Defamation: An actionable statement must sufficiently identify the person who is being criticized to a “reasonable individual” reading the statement. If “extrinsic facts and circumstances” are needed to show that a statement refers to a particular plaintiff, it’s not defamation per se. The challenged statements didn’t identify any particular person by name, let alone any of the plaintiffs. Plaintiffs argued that this was group defamation: a statement can identify the persons in the group if the group is “sufficiently small and the words may reasonably be understood to have personal reference and application to any member of the group.” Plaintiffs’ group was around 12 diplomates certified by the Board.  But that wasn’t enough, because the first challenged statement could reasonably be interpreted to refer to any forensic document practitioner who has not completed the specified training program—not just the twelve examiners certified by the Board. It even says, “There are large numbers of practitioners who do not meet the training standard.”

So too with the second and third statements, which promoted the American Board without explicitly naming the Board.  Plaintiff Sulner claimed that he was the specific target of the fourth statement, “look out for” someone who is a “Member of American Academy of Forensic Sciences but not the Questioned Documents Section.” Sulner alleged that he was the only certified forensic document examiner “known to be” a member of the American Academy of Forensic Sciences but not a member of the Questioned Documents Section (because members can only be in one section and as an attorney he was in the Jurisprudence section). But anyone who is a member of the American Academy of Forensic Sciences but not the Questioned Documents Section fit into the statement.  Also, Sulner didn’t allege that a reasonable reader somehow has access to all the relevant information and thus would interpret the statement to target him. “Even if some extraordinarily enterprising reader of The Judges’ Journal pieced all of that together, where a ‘speaker is meticulous enough to preserve the anonymity of an individual … the speaker should not be exposed to liability for defamation because someone ferrets out the identity of the individual.’”

Separately, the statements constituted non-actionable opinion.  The court first framed the overall context: it’s a “scholarly” journal, setting the stage for the article to be received as opinion, “because reasonable readers (especially judges) know that scholarly journals often present one side or the other in opinionated debates.” And the relevant article explicitly presented itself as offering suggestions for judges to consider in evaluating the expertise of document examiners.
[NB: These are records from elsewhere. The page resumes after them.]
lemma reflective_subposet_collapse:
  assumes "finite_poset Y le" and "reflective_subposet le Y A"
  shows "collapses le Y A
    \<and> top_of_set (order_complex_realization le Y) homotopy_equivalent_space
      top_of_set (order_complex_realization le A)"
  using assms
proof (induction "card Y" arbitrary: Y rule: less_induct)
  case less
  have po: "finite_poset Y le" and "A \<subseteq> Y"
    and reflect: "\<forall>z\<in>Y - A. \<exists>m\<in>A. le z m \<and> (\<forall>y\<in>A. le z y \<longrightarrow> le m y)"
    using less.prems unfolding reflective_subposet_def by auto
  show ?case
  proof (cases "Y = A")
    case True
    then show ?thesis by (simp add: collapses.refl homotopy_equivalent_space_refl)
  next
    case False
    then obtain z where z: "z \<in> Y - A" "\<And>w. w \<in> Y - A \<Longrightarrow> le z w \<Longrightarrow> w = z"
      using finite_poset_has_maximal[OF po, of "Y - A"] \<open>A \<subseteq> Y\<close> by blast
    obtain m where m: "m \<in> A" "le z m" "\<forall>y\<in>A. le z y \<longrightarrow> le m y"
      using reflect z(1) by blast
    \<comment> \<open>by maximality of \<open>z\<close>, everything strictly above it lies in \<open>A\<close>\<close>
    have "up_beat_point le Y z"
      unfolding up_beat_point_def hatF_def
      using z m \<open>A \<subseteq> Y\<close> by blast
    moreover have "collapses le (Y - {z}) A
      \<and> top_of_set (order_complex_realization le (Y - {z})) homotopy_equivalent_space
        top_of_set (order_complex_realization le A)"
    proof (rule less.hyps)
      show "card (Y - {z}) < card Y"
        using finite_poset_finite[OF po] z(1) by (meson DiffD1 card_Diff1_less)
      show "finite_poset (Y - {z}) le"
        using po by (rule finite_poset_subset) blast
      show "reflective_subposet le (Y - {z}) A"
        using \<open>A \<subseteq> Y\<close> reflect z(1) unfolding reflective_subposet_def by blast
    qed
    ultimately show ?thesis
      using z(1) collapses.step[of z Y le A] up_beat_point_imp_up_weak_point[OF po]
        homotopy_eqv_trans[OF homotopy_equivalent_remove_up_beat_point[OF po]]
      by blast
  qed
qed

lemma
  assumes "poset_diagram P leP Xs leX f"
  shows poset_diagram_base: "finite_poset P leP"
    and poset_diagram_fibre: "p \<in> P \<Longrightarrow> finite_poset (Xs p) (leX p)"
    and poset_diagram_map_in:
      "\<lbrakk>p \<in> P; q \<in> P; leP p q; x \<in> Xs p\<rbrakk> \<Longrightarrow> f p q x \<in> Xs q"
    and poset_diagram_map_mono:
      "\<lbrakk>p \<in> P; q \<in> P; leP p q; x \<in> Xs p; y \<in> Xs p; leX p x y\<rbrakk>
       \<Longrightarrow> leX q (f p q x) (f p q y)"
    and poset_diagram_map_id: "\<lbrakk>p \<in> P; x \<in> Xs p\<rbrakk> \<Longrightarrow> f p p x = x"
    and poset_diagram_map_comp:
      "\<lbrakk>p \<in> P; q \<in> P; r \<in> P; leP p q; leP q r; x \<in> Xs p\<rbrakk> \<Longrightarrow> f q r (f p q x) = f p r x"
  using assms unfolding poset_diagram_def by blast+

lemma finite_poset_hocolim:
  assumes X: "poset_diagram P leP Xs leX f"
  shows "finite_poset (hocolim_set P Xs) (hocolim_le leP leX f)"
  unfolding finite_poset_def
proof (intro conjI ballI impI)
  have "finite P" "\<forall>p\<in>P. finite (Xs p)"
    using finite_poset_finite[OF poset_diagram_base[OF X]]
      finite_poset_finite[OF poset_diagram_fibre[OF X]] by blast+
  then show "finite (hocolim_set P Xs)"
    unfolding hocolim_set_def by simp
next
  fix a assume "a \<in> hocolim_set P Xs"
  then obtain p x where "a = (p, x)" "p \<in> P" "x \<in> Xs p"
    unfolding hocolim_set_def by auto
  then show "hocolim_le leP leX f a a"
    unfolding hocolim_le_def
    using finite_poset_refl[OF poset_diagram_base[OF X]]
      finite_poset_refl[OF poset_diagram_fibre[OF X]] poset_diagram_map_id[OF X] by simp
next
  fix a b
  assume "a \<in> hocolim_set P Xs" "b \<in> hocolim_set P Xs"
    and "hocolim_le leP leX f a b \<and> hocolim_le leP leX f b a"
  then obtain p x q y where ab: "a = (p, x)" "b = (q, y)" "p \<in> P" "q \<in> P" "x \<in> Xs p" "y \<in> Xs q"
      and "leP p q" "leP q p" "leX q (f p q x) y" "leX p (f q p y) x"
    unfolding hocolim_set_def hocolim_le_def by auto
  moreover from this have "p = q"
    using finite_poset_antisym[OF poset_diagram_base[OF X]] by blast
  ultimately have "a = (p, x)" "b = (p, y)" "p \<in> P" "x \<in> Xs p" "y \<in> Xs p"
      "leX p x y" "leX p y x"
    using poset_diagram_map_id[OF X] by auto
  then show "a = b"
    using finite_poset_antisym[OF poset_diagram_fibre[OF X]] by blast
next
  fix a b c
  assume "a \<in> hocolim_set P Xs" "b \<in> hocolim_set P Xs" "c \<in> hocolim_set P Xs"
    and "hocolim_le leP leX f a b \<and> hocolim_le leP leX f b c"
  then obtain p x q y r z where abc: "a = (p, x)" "b = (q, y)" "c = (r, z)"
      "p \<in> P" "q \<in> P" "r \<in> P" "x \<in> Xs p" "y \<in> Xs q" "z \<in> Xs r"
      and "leP p q" "leP q r" "leX q (f p q x) y" "leX r (f q r y) z"
    unfolding hocolim_set_def hocolim_le_def by auto
  have "leP p r"
    using finite_poset_trans[OF poset_diagram_base[OF X]] abc \<open>leP p q\<close> \<open>leP q r\<close> by blast
  have "leX r (f p r x) (f q r y)"
  proof -
    have "f p q x \<in> Xs q"
      using poset_diagram_map_in[OF X] abc \<open>leP p q\<close> by blast
    then have "leX r (f q r (f p q x)) (f q r y)"
      using poset_diagram_map_mono[OF X] abc \<open>leP q r\<close> \<open>leX q (f p q x) y\<close> by blast
    then show ?thesis
      using poset_diagram_map_comp[OF X] abc \<open>leP p q\<close> \<open>leP q r\<close> by simp
  qed
  then have "leX r (f p r x) z"
    using finite_poset_trans[OF poset_diagram_fibre[OF X \<open>r \<in> P\<close>]] poset_diagram_map_in[OF X]
      abc \<open>leP p r\<close> \<open>leP q r\<close> \<open>leX r (f q r y) z\<close> by blast
  then show "hocolim_le leP leX f a c"
    unfolding hocolim_le_def using abc \<open>leP p r\<close> by simp
qed

lemma reflective_subposet_hocolim_top_fibre:
  assumes X: "poset_diagram P leP Xs leX f" and "p \<in> P" and top: "\<forall>q\<in>P. leP q p"
  shows "reflective_subposet (hocolim_le leP leX f) (hocolim_set P Xs) ({p} \<times> Xs p)"
  unfolding reflective_subposet_def
proof (intro conjI ballI)
  show "{p} \<times> Xs p \<subseteq> hocolim_set P Xs"
    using \<open>p \<in> P\<close> unfolding hocolim_set_def by auto
  fix a assume "a \<in> hocolim_set P Xs - {p} \<times> Xs p"
  then obtain q x where a: "a = (q, x)" "q \<in> P" "x \<in> Xs q"
    unfolding hocolim_set_def by auto
  have "leP q p" "leP p p"
    using top a(2) \<open>p \<in> P\<close> by blast+
  then have fx: "f q p x \<in> Xs p"
    using poset_diagram_map_in[OF X a(2) \<open>p \<in> P\<close>] a(3) by blast
  show "\<exists>m\<in>{p} \<times> Xs p. hocolim_le leP leX f a m
      \<and> (\<forall>y\<in>{p} \<times> Xs p. hocolim_le leP leX f a y \<longrightarrow> hocolim_le leP leX f m y)"
  proof (intro bexI[of _ "(p, f q p x)"] conjI ballI impI)
    show "hocolim_le leP leX f a (p, f q p x)"
      unfolding hocolim_le_def
      using a \<open>leP q p\<close> finite_poset_refl[OF poset_diagram_fibre[OF X \<open>p \<in> P\<close>] fx] by simp
    fix y assume "y \<in> {p} \<times> Xs p" "hocolim_le leP leX f a y"
    then show "hocolim_le leP leX f (p, f q p x) y"
      unfolding hocolim_le_def
      using a \<open>leP p p\<close> poset_diagram_map_id[OF X \<open>p \<in> P\<close> fx] by auto
  qed (use fx in simp)
qed

theorem corollary2p5:
  fixes P :: "'p set" and leP :: "'p \<Rightarrow> 'p \<Rightarrow> bool"
    and Xs :: "'p \<Rightarrow> 'x set" and leX :: "'p \<Rightarrow> 'x \<Rightarrow> 'x \<Rightarrow> bool"
    and f :: "'p \<Rightarrow> 'p \<Rightarrow> 'x \<Rightarrow> 'x" and p :: 'p
  assumes "poset_diagram P leP Xs leX f"
    and "p \<in> P" and "\<forall>q\<in>P. leP q p"
  shows "collapses (hocolim_le leP leX f) (hocolim_set P Xs) ({p} \<times> Xs p)
       \<and> weak_equivalent (hocolim_le leP leX f) (hocolim_set P Xs)
                         (hocolim_le leP leX f) ({p} \<times> Xs p)"
  using reflective_subposet_collapse[OF finite_poset_hocolim[OF assms(1)]
      reflective_subposet_hocolim_top_fibre[OF assms]]
  unfolding weak_equivalent_def .

end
The intro for “What to look for” and “What to look out for” “employs the language of opinion, not hard facts”: “While judges are responsible for being court gatekeepers, I, as a practicing forensic document examiner, would like to respectfully suggest ways to differentiate between the true professional and the lesser-qualified practitioners.” The entire section of the article was called, “Gatekeeping Tips from a Practitioner,” indicating that this is the author’s viewpoint.  

The individual statements also used the language of opinion, such as “appropriately trained forensic document examiner” (emphasis added), and “recognized by the broader forensic science community, law enforcement, and courts ….”  There was no way to verify the American Board’s “recognition” in the community, and the sweeping breadth of the statement made it even less fact-like/verifiable.  The third and fourth statements were part of the section “What to look out for,” which already spoke in the language of an opinion. And the intro sentence says that the author “suggests” that judges look for certain things to distinguish between a “true” professional and “lesser”-qualified practitioners. “Suggests,” “true,” and “lesser” “all signify that Vastrick is expressing his opinions in offering the lists.”

Without a factual statement, the false light and state-law false advertising claims also failed, as did the Lanham Act claim--without even needing to address the question of whether the article constituted "commercial advertising or promotion."